Production Example 1: Synthesis of ABS Bulk Copolymer (Large Particle Size Component) Using the rubber species shown in Table 1, bulk polymerization was performed and the results are shown in Table 1.
ABS bulk copolymer having composition and particle size : Bulk-
1-5 were prepared.

[Procedure Amendment 2]

[Document name to be amended] Statement

[Correction target item name] 0033

[Correction method] Change

[Correction content]

[0033]

[Table 1]

Claims (1)

[Claims] 1. A bulk copolymer of a styrene-based monomer, an unsaturated nitrile-based monomer and a rubber-like polymer, wherein the rubber-like polymer has a volume average particle size of 0.5 to 2.5 μm.

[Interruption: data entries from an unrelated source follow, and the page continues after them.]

text \<open>If the solution is nonzero, some constraint of the dual polytope is active: the
  termwise inequalities behind the fit identity must all be equalities.\<close>
lemma active_constraint:
  fixes X :: "real^'p::finite^'n"
  assumes sol: "is_lasso_sol X j lam b" and lam: "lam \<ge> 0" and b: "b \<noteq> (\<lambda>_. 0)"
  shows "\<exists>k. k \<noteq> j \<and> \<bar>column k X \<bullet> residual X j b\<bar> = real CARD('n) * lam"
proof -
  define m where "m = real CARD('n) * lam"
  define c where "c k = column k X \<bullet> residual X j b" for k
  have bound: "\<bar>c k\<bar> \<le> m" if "k \<noteq> j" for k
    using lasso_correlation_bound[OF sol lam that] unfolding c_def m_def .
  have slack: "b k * c k \<le> \<bar>b k\<bar> * m" if "k \<noteq> j" for k
    using bound[OF that] abs_ge_self[of "b k * c k"] mult_left_mono[OF bound[OF that] abs_ge_zero[of "b k"]]
    by (simp add: abs_mult)
  have "(\<Sum>k\<in>-{j}. \<bar>b k\<bar> * m - b k * c k) = 0"
    using lasso_fit_identity[OF sol] unfolding Xmj_inner l1mj_def c_def m_def
    by (simp add: sum_subtractf sum_distrib_left sum_distrib_right algebra_simps)
  then have tight: "b k * c k = \<bar>b k\<bar> * m" if "k \<noteq> j" for k
    using slack that by (subst (asm) sum_nonneg_eq_0_iff) force+
  obtain k where bk: "b k \<noteq> 0" using b by auto
  then have kj: "k \<noteq> j" using sol unfolding is_lasso_sol_def by auto
  have "\<bar>b k\<bar> * m \<le> \<bar>b k\<bar> * \<bar>c k\<bar>" using tight[OF kj] by (metis abs_ge_self abs_mult)
  then have "m \<le> \<bar>c k\<bar>" using bk by simp
  then show ?thesis using bound[OF kj] kj unfolding c_def m_def by force
qed

lemma eta_le_dual_level:
  fixes X :: "real^'p::finite^'n"
  assumes lam: "lam > 0"
  shows "eta X j lam \<le> real CARD('n) * lam / norm (zres X j lam)"
  unfolding eta_def
proof (rule Max.boundedI)
  fix a assume "a \<in> insert 0 ((\<lambda>k. \<bar>column k X \<bullet> zres X j lam\<bar> / norm (zres X j lam)) ` (-{j}))"
  then consider "a = 0" | k where "k \<noteq> j" "a = \<bar>column k X \<bullet> zres X j lam\<bar> / norm (zres X j lam)"
    by auto
  then show "a \<le> real CARD('n) * lam / norm (zres X j lam)"
  proof cases
    case (2 k)
    then show ?thesis
      using lasso_correlation_bound[OF gamma_hat_is_lasso_sol[OF lam, of X j]] lam
      unfolding zres_eq_residual by (simp add: divide_right_mono)
  qed (use lam in simp)
qed auto

lemma eta_eq_dual_level:
  fixes X :: "real^'p::finite^'n"
  assumes lam: "lam > 0" and active: "gamma_hat X j lam \<noteq> (\<lambda>_. 0)"
  shows "eta X j lam = real CARD('n) * lam / norm (zres X j lam)"
proof -
  obtain k where k: "k \<noteq> j" "\<bar>column k X \<bullet> zres X j lam\<bar> = real CARD('n) * lam"
    using active_constraint[OF gamma_hat_is_lasso_sol[OF lam] _ active] lam
    unfolding zres_eq_residual by auto
  then have "real CARD('n) * lam / norm (zres X j lam)
      \<in> (\<lambda>k. \<bar>column k X \<bullet> zres X j lam\<bar> / norm (zres X j lam)) ` (-{j})"
    by (intro rev_image_eqI[of k]) auto
  then have "real CARD('n) * lam / norm (zres X j lam) \<le> eta X j lam"
    unfolding eta_def by (intro Max_ge) auto
  then show ?thesis using eta_le_dual_level[OF lam, of X j] by linarith
qed

definition self_correlation :: "real^'p^'n \<Rightarrow> 'p \<Rightarrow> real" where
  "self_correlation X j =
     Max (insert 0 ((\<lambda>k. \<bar>column k X \<bullet> column j X\<bar> / norm (column j X)) ` (-{j})))"

lemma eta_null:
  assumes "gamma_hat X j lam = (\<lambda>_. 0)"
  shows "eta X j lam = self_correlation X j"
  using assms unfolding eta_def self_correlation_def zres_def by (simp add: Xmj_zero)

lemma column_in_dual_set_iff:
  fixes X :: "real^'p::finite^'n"
  assumes lam: "lam > 0" and x: "column j X \<noteq> 0"
  shows "column j X \<in> dual_set X j lam
    \<longleftrightarrow> self_correlation X j \<le> real CARD('n) * lam / norm (column j X)"
proof -
  have "\<bar>column k X \<bullet> column j X\<bar> / norm (column j X) \<le> real CARD('n) * lam / norm (column j X)
      \<longleftrightarrow> \<bar>column k X \<bullet> column j X\<bar> \<le> real CARD('n) * lam" for k
    using x by (simp add: divide_le_cancel)
  moreover have "0 \<le> real CARD('n) * lam / norm (column j X)" using lam by simp
  ultimately show ?thesis unfolding dual_set_def self_correlation_def by (simp add: Max_le_iff) blast
qed

lemma dual_level_mono:
  fixes X :: "real^'p::finite^'n"
  assumes l: "0 < l1" "l1 < l2"
    and p1: "is_proj (dual_set X j l1) x z1" and p2: "is_proj (dual_set X j l2) x z2"
    and z: "z1 \<noteq> 0" "z2 \<noteq> 0"
  shows "real CARD('n) * l1 / norm z1 \<le> real CARD('n) * l2 / norm z2"
proof -
  have "dual_set X j l = (*\<^sub>R) l ` dual_set X j 1" if "l > 0" for l
    using dual_set_dilation[OF that, of X j 1] by simp
  then have "l1 * norm z2 \<le> l2 * norm z1"
    using is_proj_dilation_norm_mono[of l1 _ x z1 l2 z2] p1 p2 l by (metis order.strict_trans)
  then show ?thesis using z by (simp add: field_simps mult_left_mono)
qed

Bulk copolymer having a rubber polymer content of 10 to 15% by weight: 10 to 35 parts by weight An emulsion polymerization graft copolymer of a styrene monomer, an unsaturated nitrile monomer and a rubber polymer. Then, the volume average particle diameter of the rubber-like polymer is 0.06 to 0.4 μm, the content of the rubber-like polymer is 35 to 50% by weight, and the styrene-based monomer and the unsaturated nitrile-based monomer are free. A graft copolymer having a weight average molecular weight of 50,000 to 100,000 and a weight average molecular weight of the grafted styrene-based monomer and unsaturated nitrile-based monomer of 60,000 to 120,000. 30-55 parts by weight and styrene type A low molecular weight hard copolymer obtained by copolymerizing a monomer and an unsaturated nitrile monomer, wherein the weight ratio of the unsaturated nitrile monomer and the styrene monomer is unsaturated nitrile. System monomer / styrene system monomer = 15 / 85-3
0/70, the weight average molecular weight of the hard copolymer is 40,000
~ 120,000 low molecular weight rigid copolymers: 10-6
A bimodal rubber-reinforced styrene-based resin composition having a good colorability and an excellent flowability / impact resistance balance, which is characterized by containing 0 part by weight.